What's Deliberately Not Cached Here
Version lookups — GetLatestVersionIdAsync and GetAvailableVersionsAsync—always go to the source. We want the application to notice when a new version is published within a reasonable time. Caching these in blob storage would give us no meaningful benefit over the in-memory TTL we apply at the layer above.
Targeted on-demand lookups by ID also bypass the blob cache. The combination space — different sets of IDs against different versions — is too large to cache meaningfully.
Graceful Degradation
All blob I/O is wrapped in try/catch. If the cache layer fails for any reason—transient connectivity, permissions, a bad serialisation — it logs a warning and falls through to the inner repository. The application keeps working; it's just slower until the cache is warm again.
Layer 2: In-Memory Cache
Why a Second Layer?
Even a fast Blob Storage read involves a network round-trip and deserialisation overhead. For a busy API serving the same reference data many times per second, that adds up. IMemoryCache keeps deserialised objects in the process's heap. Reads are effectively instantaneous — no network, no deserialisation, just a dictionary lookup.
How It Works
MemoryCachingSalesDataRepository wraps the Blob Storage decorator (which in turn wraps the real repository).
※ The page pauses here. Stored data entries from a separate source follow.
lemma cell_solution_squeeze:
  fixes y y' y'' :: "real \<Rightarrow> real"
  assumes "0 < eps" "0 < gam" "p < q"
    and cont: "continuous_on {p..q} y"
    and y': "\<And>t. t \<in> {p<..<q} \<Longrightarrow> (y has_real_derivative y' t) (at t)"
    and y'': "\<And>t. t \<in> {p<..<q} \<Longrightarrow> (y' has_real_derivative y'' t) (at t)"
    and residual: "\<And>t. t \<in> {p<..<q} \<Longrightarrow> \<bar>eps\<^sup>2 * y'' t - gam * y t - G\<bar> \<le> \<sigma>"
    and x: "x \<in> {p..q}"
  shows "cell_solution gam (sqrt gam / eps) p q (y p) (y q) (G + \<sigma>) x \<le> y x"
    and "y x \<le> cell_solution gam (sqrt gam / eps) p q (y p) (y q) (G - \<sigma>) x"
proof -
  have residual_bounds: "eps\<^sup>2 * y'' t - gam * y t \<le> G + \<sigma>" "G - \<sigma> \<le> eps\<^sup>2 * y'' t - gam * y t"
    if "t \<in> {p<..<q}" for t
    using residual[OF that] by (auto simp: abs_le_iff)
  show "cell_solution gam (sqrt gam / eps) p q (y p) (y q) (G + \<sigma>) x \<le> y x"
    by (rule cell_solution_le[OF assms(1-3) cont y' y'' residual_bounds(1) x])
  have "cell_solution gam (sqrt gam / eps) p q (- y p) (- y q) (- (G - \<sigma>)) x \<le> - y x"
  proof (rule cell_solution_le[OF assms(1-3)])
    show "continuous_on {p..q} (\<lambda>t. - y t)"
      by (intro continuous_intros cont)
    fix t assume t: "t \<in> {p<..<q}"
    show "((\<lambda>t. - y t) has_real_derivative - y' t) (at t)" "((\<lambda>t. - y' t) has_real_derivative - y'' t) (at t)"
      by (intro DERIV_minus y' y'' t)+
    show "eps\<^sup>2 * - y'' t - gam * - y t \<le> - (G - \<sigma>)"
      using residual_bounds(2)[OF t] by simp
  qed (use x in auto)
  then show "y x \<le> cell_solution gam (sqrt gam / eps) p q (y p) (y q) (G - \<sigma>) x"
    unfolding cell_solution_uminus by simp
qed

lemma cell_flux_bounds:
  fixes y y' y'' :: "real \<Rightarrow> real"
  assumes "0 < eps" "0 < gam" "p < q"
    and cont: "continuous_on {p..q} y"
    and y': "\<And>t. t \<in> {p<..<q} \<Longrightarrow> (y has_real_derivative y' t) (at t)"
    and y'': "\<And>t. t \<in> {p<..<q} \<Longrightarrow> (y' has_real_derivative y'' t) (at t)"
    and residual: "\<And>t. t \<in> {p<..<q} \<Longrightarrow> \<bar>eps\<^sup>2 * y'' t - gam * y t - G\<bar> \<le> \<sigma>"
  defines "bt \<equiv> sqrt gam / eps"
  defines "d \<equiv> bt / tanh (bt * (q - p))" and "a \<equiv> bt / sinh (bt * (q - p))"
  shows flux_at_right: "(y has_real_derivative Dq) (at q) \<Longrightarrow>
      \<bar>Dq - (d * y q - a * y p + (d - a) * G / gam)\<bar> \<le> (d - a) * \<sigma> / gam"
    and flux_at_left: "(y has_real_derivative Dp) (at p) \<Longrightarrow>
      \<bar>Dp - (a * y q - d * y p - (d - a) * G / gam)\<bar> \<le> (d - a) * \<sigma> / gam"
proof -
  have nz: "bt * (q - p) \<noteq> 0"
    using assms(1-3) unfolding bt_def by simp
  let ?U = "cell_solution gam bt p q (y p) (y q)"
  let ?U' = "cell_solution_deriv gam bt p q (y p) (y q)"
  note squeeze = cell_solution_squeeze[OF assms(1-3) cont y' y'' residual, folded bt_def]
  have flux: "?U' c q = d * y q - a * y p + (d - a) * c / gam" "?U' c p = a * y q - d * y p - (d - a) * c / gam" for c
    unfolding cell_solution_deriv_right[OF nz] cell_solution_deriv_left[OF nz] d_def a_def
    by (simp_all add: algebra_simps add_divide_distrib diff_divide_distrib)
  have w: "((\<lambda>t. y t - ?U c t) has_real_derivative D - ?U' c r) (at r)"
    "((\<lambda>t. ?U c t - y t) has_real_derivative ?U' c r - D) (at r)"
    if "(y has_real_derivative D) (at r)" for D r c
    using that by (auto intro!: derivative_intros cell_solution_has_derivative)
  show "\<bar>Dq - (d * y q - a * y p + (d - a) * G / gam)\<bar> \<le> (d - a) * \<sigma> / gam"
    if D: "(y has_real_derivative Dq) (at q)"
  proof -
    have "Dq - ?U' (G + \<sigma>) q \<le> 0"
      using squeeze(1) nz by (intro deriv_nonpos_at_right_zero[OF assms(3) w(1)[OF D]]) auto
    moreover have "?U' (G - \<sigma>) q - Dq \<le> 0"
      using squeeze(2) nz by (intro deriv_nonpos_at_right_zero[OF assms(3) w(2)[OF D]]) auto
    ultimately show ?thesis
      unfolding flux by (simp add: abs_le_iff add_divide_distrib diff_divide_distrib algebra_simps)
  qed
  show "\<bar>Dp - (a * y q - d * y p - (d - a) * G / gam)\<bar> \<le> (d - a) * \<sigma> / gam"
    if D: "(y has_real_derivative Dp) (at p)"
  proof -
    have "0 \<le> Dp - ?U' (G + \<sigma>) p"
      using squeeze(1) nz by (intro deriv_nonneg_at_left_zero[OF assms(3) w(1)[OF D]]) auto
    moreover have "0 \<le> ?U' (G - \<sigma>) p - Dp"
      using squeeze(2) nz by (intro deriv_nonneg_at_left_zero[OF assms(3) w(2)[OF D]]) auto
    ultimately show ?thesis
      unfolding flux by (simp add: abs_le_iff add_divide_distrib diff_divide_distrib algebra_simps)
  qed
qed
It uses the standard cache.GetOrCreateAsync() pattern, with expiry configured per data type:
- Immutable data within a version: no expiry—held in memory until the process restarts.
- Latest version ID: five-minute sliding expiry, so new versions are picked up in a timely manner.
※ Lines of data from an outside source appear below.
primrec proc_of_tree :: "name tree \<Rightarrow> proc" where
  "proc_of_tree (TAmb a M) = Amb a (par_mset (image_mset proc_of_tree M))"
| "proc_of_tree (TAct c M) = Act (cap_of_gcap c) (par_mset (image_mset proc_of_tree M))"

definition proc_of_forest :: "name tree multiset \<Rightarrow> proc" where
  "proc_of_forest M = par_mset (image_mset proc_of_tree M)"

lemma proc_of_tree_simps:
  "proc_of_tree (TAmb a M) = Amb a (proc_of_forest M)"
  "proc_of_tree (TAct c M) = Act (cap_of_gcap c) (proc_of_forest M)"
  by (auto simp: proc_of_forest_def)

lemma mset_some_list: "mset (SOME xs. mset xs = M) = M"
  by (metis (mono_tags, lifting) ex_mset someI_ex)

lemma sc_foldr_move: "scong (foldr Par (ys1 @ x # ys2) Nil) (Par x (foldr Par (ys1 @ ys2) Nil))"
proof (induction ys1)
  case Nil then show ?case by (auto intro: sc_refl)
next
  case (Cons y ys1)
  have "scong (Par y (foldr Par (ys1 @ x # ys2) Nil)) (Par y (Par x (foldr Par (ys1 @ ys2) Nil)))"
    using Cons by (rule sc_parR)
  also have "scong \<dots> (Par x (Par y (foldr Par (ys1 @ ys2) Nil)))" by (rule sc_par_left_comm)
  finally show ?case by simp
qed

lemma sc_foldr_perm: "mset xs = mset ys \<Longrightarrow> scong (foldr Par xs Nil) (foldr Par ys Nil)"
proof (induction xs arbitrary: ys)
  case Nil then show ?case by (auto intro: sc_refl)
next
  case (Cons x xs)
  then have "x \<in> set ys" by (metis list.set_intros(1) set_mset_mset)
  then obtain ys1 ys2 where ys: "ys = ys1 @ x # ys2" by (meson split_list)
  with Cons have "mset xs = mset (ys1 @ ys2)" by simp
  then have "scong (foldr Par xs Nil) (foldr Par (ys1 @ ys2) Nil)" using Cons by blast
  then have "scong (Par x (foldr Par xs Nil)) (Par x (foldr Par (ys1 @ ys2) Nil))" by (rule sc_parR)
  also have "scong \<dots> (foldr Par ys Nil)" unfolding ys by (rule sc_sym, rule sc_foldr_move)
  finally show ?case by simp
qed

lemma sc_foldr_append: "scong (foldr Par (xs @ ys) Nil) (Par (foldr Par xs Nil) (foldr Par ys Nil))"
proof (induction xs)
  case Nil then show ?case by (simp add: sc_sym[OF sc_nil_par])
next
  case (Cons x xs)
  have "scong (Par x (foldr Par (xs @ ys) Nil)) (Par x (Par (foldr Par xs Nil) (foldr Par ys Nil)))"
    using Cons by (rule sc_parR)
  also have "scong \<dots> (Par (Par x (foldr Par xs Nil)) (foldr Par ys Nil))" by (rule sc_sym, rule sc_par_assoc)
  finally show ?case by simp
qed

lemma sc_foldr_pointwise:
  "(\<And>x. x \<in> set xs \<Longrightarrow> scong (f x) (g x)) \<Longrightarrow> scong (foldr Par (map f xs) Nil) (foldr Par (map g xs) Nil)"
  by (induction xs) (auto intro: sc_refl sc_par)

lemma par_mset_foldr: "mset xs = M \<Longrightarrow> scong (par_mset M) (foldr Par xs Nil)"
  unfolding par_mset_def by (rule sc_foldr_perm) (simp add: mset_some_list)

lemma par_mset_union: "scong (par_mset (M + N)) (Par (par_mset M) (par_mset N))"
proof -
  obtain xs ys where xs: "mset xs = M" and ys: "mset ys = N" by (meson ex_mset)
  have "scong (par_mset (M + N)) (foldr Par (xs @ ys) Nil)" using xs ys by (intro par_mset_foldr) simp
  also have "scong \<dots> (Par (foldr Par xs Nil) (foldr Par ys Nil))" by (rule sc_foldr_append)
  also have "scong \<dots> (Par (par_mset M) (par_mset N))"
    using sc_par[OF sc_sym[OF par_mset_foldr[OF xs]] sc_sym[OF par_mset_foldr[OF ys]]] .
  finally show ?thesis .
qed

lemma par_mset_single: "scong (par_mset {#P#}) P"
proof -
  have "scong (par_mset {#P#}) (foldr Par [P] Nil)" by (rule par_mset_foldr) simp
  then show ?thesis using sc_par_nil sc_trans by fastforce
qed

lemma par_mset_add: "scong (par_mset (add_mset P M)) (Par P (par_mset M))"
proof -
  have "scong (par_mset ({#P#} + M)) (Par (par_mset {#P#}) (par_mset M))" by (rule par_mset_union)
  also have "scong \<dots> (Par P (par_mset M))" by (rule sc_parL, rule par_mset_single)
  finally show ?thesis by simp
qed

lemma par_mset_pointwise:
  assumes "\<And>x. x \<in># M \<Longrightarrow> scong (f x) (g x)"
  shows "scong (par_mset (image_mset f M)) (par_mset (image_mset g M))"
proof -
  obtain xs where xs: "mset xs = M" by (meson ex_mset)
  have "scong (par_mset (image_mset f M)) (foldr Par (map f xs) Nil)" using xs by (intro par_mset_foldr) simp
  also have "scong \<dots> (foldr Par (map g xs) Nil)" using assms xs by (intro sc_foldr_pointwise) auto
  also have "scong \<dots> (par_mset (image_mset g M))" using xs by (intro par_mset_foldr[THEN sc_sym]) simp
  finally show ?thesis .
qed

lemma proc_of_forest_empty[simp]: "proc_of_forest {#} = Nil"
  by (simp add: proc_of_forest_def par_mset_def)

lemma proc_of_forest_union: "scong (proc_of_forest (M + N)) (Par (proc_of_forest M) (proc_of_forest N))"
  unfolding proc_of_forest_def using par_mset_union by simp

lemma proc_of_forest_add: "scong (proc_of_forest (add_mset t M)) (Par (proc_of_tree t) (proc_of_forest M))"
  unfolding proc_of_forest_def using par_mset_add by simp

lemma proc_of_forest_single: "scong (proc_of_forest {#t#}) (proc_of_tree t)"
  unfolding proc_of_forest_def using par_mset_single by simp

lemma names_par_mset: "names (par_mset M) = \<Union> (names ` set_mset M)"
proof -
  have "names (foldr Par xs Nil) = \<Union> (names ` set xs)" for xs by (induction xs) auto
  then show ?thesis unfolding par_mset_def by (metis set_mset_mset mset_some_list)
qed

lemma fn_par_mset: "fn (par_mset M) = \<Union> (fn ` set_mset M)"
proof -
  have "fn (foldr Par xs Nil) = \<Union> (fn ` set xs)" for xs by (induction xs) auto
  then show ?thesis unfolding par_mset_def by (metis set_mset_mset mset_some_list)
qed

lemma fn_cap_cap_of_gcap[simp]: "fn_cap (cap_of_gcap c) = set_gcap c"
  by (cases c) auto

lemma names_fn_proc_of_tree: "names (proc_of_tree t) = set_tree t \<and> fn (proc_of_tree t) = set_tree t"
  by (induction t) (auto simp: names_par_mset fn_par_mset set_forest_def)

lemma names_proc_of_forest: "names (proc_of_forest M) = set_forest M"
  and fn_proc_of_forest: "fn (proc_of_forest M) = set_forest M"
  unfolding proc_of_forest_def names_par_mset fn_par_mset set_forest_def
  by (auto simp: names_fn_proc_of_tree)

lemma subst_par_mset: "scong (subst c d (par_mset K)) (par_mset (image_mset (subst c d) K))"
proof -
  have "subst c d (foldr Par xs Nil) = foldr Par (map (subst c d) xs) Nil" for xs
    by (induction xs) auto
  then have "subst c d (par_mset K) = foldr Par (map (subst c d) (SOME xs. mset xs = K)) Nil"
    unfolding par_mset_def .
  also have "scong \<dots> (par_mset (image_mset (subst c d) K))"
    by (rule sc_sym, rule par_mset_foldr) (simp add: mset_some_list)
  finally show ?thesis .
qed

lemma subst_cap_of_gcap: "subst_cap c d (cap_of_gcap x) = cap_of_gcap (map_gcap (rn c d) x)"
  by (cases x) auto

lemma subst_proc_of_forest_pointwise:
  assumes "\<And>t. t \<in># M \<Longrightarrow> scong (subst c d (proc_of_tree t)) (proc_of_tree (map_tree (rn c d) t))"
  shows "scong (subst c d (proc_of_forest M)) (proc_of_forest (map_forest (rn c d) M))"
proof -
  have "scong (subst c d (proc_of_forest M)) (par_mset (image_mset (subst c d) (image_mset proc_of_tree M)))"
    unfolding proc_of_forest_def by (rule subst_par_mset)
  also have "scong \<dots> (par_mset (image_mset (proc_of_tree \<circ> map_tree (rn c d)) M))"
    unfolding image_mset.compositionality using assms by (intro par_mset_pointwise) auto
  finally show ?thesis by (simp add: proc_of_forest_def map_forest_def image_mset.compositionality)
qed

lemma subst_proc_of_tree: "scong (subst c d (proc_of_tree t)) (proc_of_tree (map_tree (rn c d) t))"
proof (induction t)
  case (TAmb a M)
  then have "scong (subst c d (proc_of_forest M)) (proc_of_forest (map_forest (rn c d) M))"
    by (rule subst_proc_of_forest_pointwise)
  then show ?case by (auto simp: proc_of_forest_def intro: sc_amb)
next
  case (TAct x M)
  then have "scong (subst c d (proc_of_forest M)) (proc_of_forest (map_forest (rn c d) M))"
    by (rule subst_proc_of_forest_pointwise)
  then show ?case by (auto simp: proc_of_forest_def subst_cap_of_gcap intro: sc_act)
qed

lemma subst_proc_of_forest: "scong (subst c d (proc_of_forest M)) (proc_of_forest (map_forest (rn c d) M))"
  by (rule subst_proc_of_forest_pointwise, rule subst_proc_of_tree)

lemma canon_par_mset:
  assumes "\<And>P. P \<in># K \<Longrightarrow> res_count P = 0"
  shows "res_count (par_mset K) = 0 \<and> canon (par_mset K) = sum_mset (image_mset canon K)"
proof -
  define xs where "xs = (SOME xs. mset xs = K)"
  have xs: "mset xs = K" unfolding xs_def by (rule mset_some_list)
  have "\<forall>P\<in>set xs. res_count P = 0" using assms xs by auto
  then have "res_count (foldr Par xs Nil) = 0 \<and> canon (foldr Par xs Nil) = sum_list (map canon xs)"
    by (induction xs) auto
  moreover have "sum_list (map canon xs) = sum_mset (image_mset canon K)"
    using xs by (metis mset_map sum_mset_sum_list)
  ultimately show ?thesis unfolding par_mset_def xs_def[symmetric] by simp
qed

lemma canon_proc_of_forest_pointwise:
  assumes "\<And>t. t \<in># M \<Longrightarrow> res_count (proc_of_tree t) = 0 \<and> canon (proc_of_tree t) = {#map_tree FN t#}"
  shows "res_count (proc_of_forest M) = 0 \<and> canon (proc_of_forest M) = map_forest FN M"
proof -
  have "res_count (proc_of_forest M) = 0 \<and>
      canon (proc_of_forest M) = sum_mset (image_mset canon (image_mset proc_of_tree M))"
    unfolding proc_of_forest_def using assms by (intro canon_par_mset) auto
  moreover have "sum_mset (image_mset canon (image_mset proc_of_tree M)) = map_forest FN M"
    using assms by (induction M) auto
  ultimately show ?thesis by simp
qed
Cache keys incorporate the version ID where relevant, so different versions don't collide.
Here's a representative method:
public async Task<Product[]> GetProductsAsync(string versionId)
{
using var activity = _activitySource.StartActivity("GetProducts");
var cacheKey = $"{ProductsCacheKeyPrefix}{versionId}";
if (_cache.TryGetValue(cacheKey, out Product[]? cached))
{
activity?.SetTag("cache.hit", true);
return cached!;
}
activity?.SetTag("cache.hit", false);
var result = await _innerRepository.GetProductsAsync(versionId);
_cache.Set(cacheKey, result);
return result;
}
Observability with Activity Source
Each method creates an Activity via ActivitySource, which participates in distributed tracing through OpenTelemetry. We record whether the request was a cache hit or miss as a tag on the activity: cache.hit = true/false.
This turns out to be genuinely useful. When we look at the observability dashboard, we can see at a glance what proportion of requests are being served from memory versus falling through to lower layers. It's how we validated that the cache was actually working as expected after deployment.
What Doesn't Get Cached In Memory
Targeted on-demand lookups by ID, as with the blob layer, always delegate to the inner repository. The combination space makes in-memory caching impractical—we'd risk holding enormous amounts of data with a very low hit rate.
Wiring It Together with Dependency Injection
The decorator chain is composed in the service registration. The order matters: each decorator needs to wrap the layer below it, not the one above. We register the concrete types first, then register the ISalesDataRepository abstraction as the fully-composed outermost decorator:
// Innermost: the real Databricks implementation
services.AddSingleton<SalesDataRepository>();
// Middle layer: Blob Storage cache wrapping the real implementation
services.AddSingleton<BlobStorageCachingSalesDataRepository>(sp =>
new BlobStorageCachingSalesDataRepository(
sp.GetRequiredService<SalesDataRepository>(),
sp.GetRequiredService<BlobServiceClient>(),
sp.GetRequiredService<IOptions<SalesDataBlobCacheOptions>>(),
sp.GetRequiredService<ILogger<BlobStorageCachingSalesDataRepository>>(),
sp.GetRequiredService<ActivitySource>()
)
);
// Outermost: in-memory cache wrapping the blob storage cache
// This is what consumers receive when they depend on ISalesDataRepository
services.AddSingleton<ISalesDataRepository>(sp =>
new MemoryCachingSalesDataRepository(
sp.GetRequiredService<BlobStorageCachingSalesDataRepository>(),
sp.GetRequiredService<IMemoryCache>(),
sp.GetRequiredService<ActivitySource>()
)
);
Any component that depends on ISalesDataRepository via the DI container automatically gets the fully-composed chain. The decorators themselves have no knowledge of how they're composed—they just know they have an ISalesDataRepository to delegate to.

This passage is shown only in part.